Stored data:
lemma outer_eq_on_face:
  assumes "bloch_n w + bloch_x w = 2" and "bloch_z w = bloch_x w"
  shows "0 < bloch_n w"
    and "2 * (bloch_x w / bloch_n w)\<^sup>2 + (bloch_y w / bloch_n w)\<^sup>2 = 1"
    and "outer w w = (1 / (1 + bloch_x w / bloch_n w)) *\<^sub>R
      (PauliI + (bloch_x w / bloch_n w) *\<^sub>R (PauliX + PauliZ) + (bloch_y w / bloch_n w) *\<^sub>R PauliY)"
proof -
  have sphere: "2 * (bloch_x w)\<^sup>2 + (bloch_y w)\<^sup>2 = (bloch_n w)\<^sup>2"
    using bloch_sphere[of w] assms(2) by simp
  show "0 < bloch_n w"
  proof (rule ccontr)
    assume "\<not> 0 < bloch_n w"
    then have "bloch_n w = 0"
      using bloch_n_eq_norm[of w] by simp
    then show False
      using sphere assms(1) by (smt (verit) zero_le_power2 zero_eq_power2)
  qed
  then show "2 * (bloch_x w / bloch_n w)\<^sup>2 + (bloch_y w / bloch_n w)\<^sup>2 = 1"
    using sphere by (simp add: power_divide field_simps)
  have scale: "1 / (1 + bloch_x w / bloch_n w) = bloch_n w / 2"
    using \<open>0 < bloch_n w\<close> assms(1) by (simp add: field_simps)
  show "outer w w = (1 / (1 + bloch_x w / bloch_n w)) *\<^sub>R
      (PauliI + (bloch_x w / bloch_n w) *\<^sub>R (PauliX + PauliZ) + (bloch_y w / bloch_n w) *\<^sub>R PauliY)"
    unfolding scale outer_eq_pauli using \<open>0 < bloch_n w\<close> assms(2)
    by (simp add: scaleR_add_right algebra_simps)
qed

lemma witness_form_on_face:
  assumes "bloch_n w + bloch_x w = 2" and "bloch_z w = bloch_x w"
    and "0 \<le> bloch_y w" and "bloch_y w \<le> bloch_x w"
  shows "\<exists>q::real. sqrt (2/3) \<le> q \<and> q \<le> 1 \<and>
    outer w w = (1 / (1 + q / sqrt 2)) *\<^sub>R
      (PauliI + (q / sqrt 2) *\<^sub>R (PauliX + PauliZ) + sqrt (1 - q\<^sup>2) *\<^sub>R PauliY)"
proof -
  define m where "m = bloch_x w / bloch_n w"
  define t where "t = bloch_y w / bloch_n w"
  have n: "0 < bloch_n w" and mt: "2 * m\<^sup>2 + t\<^sup>2 = 1"
    using outer_eq_on_face(1,2)[OF assms(1,2)] by (simp_all add: m_def t_def)
  have "0 \<le> t" "t \<le> m"
    using n assms(3,4) by (simp_all add: m_def t_def divide_right_mono)
  define q where "q = sqrt 2 * m"
  have q2: "q\<^sup>2 = 2 * m\<^sup>2" and "0 \<le> q"
    using \<open>0 \<le> t\<close> \<open>t \<le> m\<close> by (simp_all add: q_def power_mult_distrib)
  have "t\<^sup>2 \<le> m\<^sup>2"
    using \<open>t \<le> m\<close> \<open>0 \<le> t\<close> by (rule power_mono)
  then have "sqrt (2/3) \<le> sqrt (q\<^sup>2)" and "q\<^sup>2 \<le> 1"
    using mt q2 by (simp_all add: real_sqrt_le_iff) (smt (verit) zero_le_power2)
  moreover have "sqrt (1 - q\<^sup>2) = t"
    using q2 mt \<open>0 \<le> t\<close> by (intro real_sqrt_unique) simp_all
  moreover have "q / sqrt 2 = m"
    by (simp add: q_def)
  ultimately show ?thesis
    using outer_eq_on_face(3)[OF assms(1,2)] \<open>0 \<le> q\<close> unfolding m_def t_def
    by (intro exI[where x=q]) (simp add: abs_square_le_1)
qed

lemma witness_form_symmetric:
  assumes "bloch_n w + bloch_x w = 2" and "bloch_z w = bloch_x w"
    and "0 \<le> bloch_y w" and "bloch_y w = bloch_x w"
  shows "outer w w = (1 / (1 + 1 / sqrt 3)) *\<^sub>R
    (PauliI + (1 / sqrt 3) *\<^sub>R (PauliX + PauliY + PauliZ))"
proof -
  define m where "m = bloch_x w / bloch_n w"
  have "0 < bloch_n w" and "3 * m\<^sup>2 = 1"
    using outer_eq_on_face(1,2)[OF assms(1,2)] assms(4) by (simp_all add: m_def)
  moreover have "0 \<le> m"
    using \<open>0 < bloch_n w\<close> assms(3,4) by (simp add: m_def)
  ultimately have "sqrt (1 / 3) = m"
    by (intro real_sqrt_unique) simp_all
  then have "m = 1 / sqrt 3"
    by (simp add: real_sqrt_divide)
  moreover have "outer w w = (1 / (1 + m)) *\<^sub>R (PauliI + m *\<^sub>R (PauliX + PauliZ) + m *\<^sub>R PauliY)"
    using outer_eq_on_face(3)[OF assms(1,2)] assms(4) by (simp add: m_def)
  ultimately show ?thesis
    by (simp add: scaleR_add_right algebra_simps)
qed

theorem lemma3:
  fixes \<Psi> \<omega> :: qvec
  assumes pure: "norm \<Psi> = 1"
    and nonstab: "\<Psi> \<notin> stab_states"
    and PY: "in_PY (outer \<Psi> \<Psi>)"
    and wit: "omega_witness \<omega>"
    and opt: "(cmod (braket \<Psi> \<omega>))\<^sup>2 = xi \<Psi>"
  shows "(\<exists>q::real. sqrt (2/3) \<le> q \<and> q \<le> 1 \<and>
           outer \<omega> \<omega> = (1 / (1 + q / sqrt 2)) *\<^sub>R
             (PauliI + (q / sqrt 2) *\<^sub>R (PauliX + PauliZ) + sqrt (1 - q\<^sup>2) *\<^sub>R PauliY))
       \<and> ((in_PX (outer \<Psi> \<Psi>) \<or> in_PZ (outer \<Psi> \<Psi>)) \<longrightarrow>
           outer \<omega> \<omega> = (1 / (1 + 1 / sqrt 3)) *\<^sub>R
             (PauliI + (1 / sqrt 3) *\<^sub>R (PauliX + PauliY + PauliZ)))"
proof -
  have "(bloch_x \<Psi>)\<^sup>2 + (bloch_y \<Psi>)\<^sup>2 + (bloch_z \<Psi>)\<^sup>2 = 1"
    using bloch_sphere[of \<Psi>] pure by (simp add: bloch_n_eq_norm)
  moreover have "1 < bloch_x \<Psi> + bloch_y \<Psi> + bloch_z \<Psi>"
    using pure nonstab PY by (rule bloch_sum_gt_one_if_nonstab)
  moreover have "bloch_witness (bloch_n \<omega>) (bloch_x \<omega>) (bloch_y \<omega>) (bloch_z \<omega>)"
    using wit by (simp add: omega_witness_iff_bloch)
  ultimately have "bloch_n \<omega> + bloch_x \<omega> = 2 \<and> bloch_z \<omega> = bloch_x \<omega> \<and>
      0 \<le> bloch_y \<omega> \<and> bloch_y \<omega> \<le> bloch_x \<omega> \<and>
      (bloch_y \<Psi> = bloch_x \<Psi> \<or> bloch_y \<Psi> = bloch_z \<Psi> \<longrightarrow> bloch_y \<omega> = bloch_x \<omega>)"
    using PY optimal_witness_maximizes_bloch_overlap[OF pure opt]
    by (intro optimal_bloch_witness) (simp_all add: in_PY_bloch)
  then have face: "bloch_n \<omega> + bloch_x \<omega> = 2" "bloch_z \<omega> = bloch_x \<omega>"
    and y: "0 \<le> bloch_y \<omega>" "bloch_y \<omega> \<le> bloch_x \<omega>"
    and tie: "(in_PX (outer \<Psi> \<Psi>) \<or> in_PZ (outer \<Psi> \<Psi>)) \<longrightarrow> bloch_y \<omega> = bloch_x \<omega>"
    using in_PX_or_PZ_bloch_tie[OF PY] by blast+
  show ?thesis
    using witness_form_on_face[OF face y] witness_form_symmetric[OF face y(1)] tie by blast
qed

Work task: Return every line from the entries above that contains the word "pure".

Response to this exercise:
  assumes pure: "norm \<Psi> = 1"
    using bloch_sphere[of \<Psi>] pure by (simp add: bloch_n_eq_norm)
    using pure nonstab PY by (rule bloch_sum_gt_one_if_nonstab)
    using PY optimal_witness_maximizes_bloch_overlap[OF pure opt]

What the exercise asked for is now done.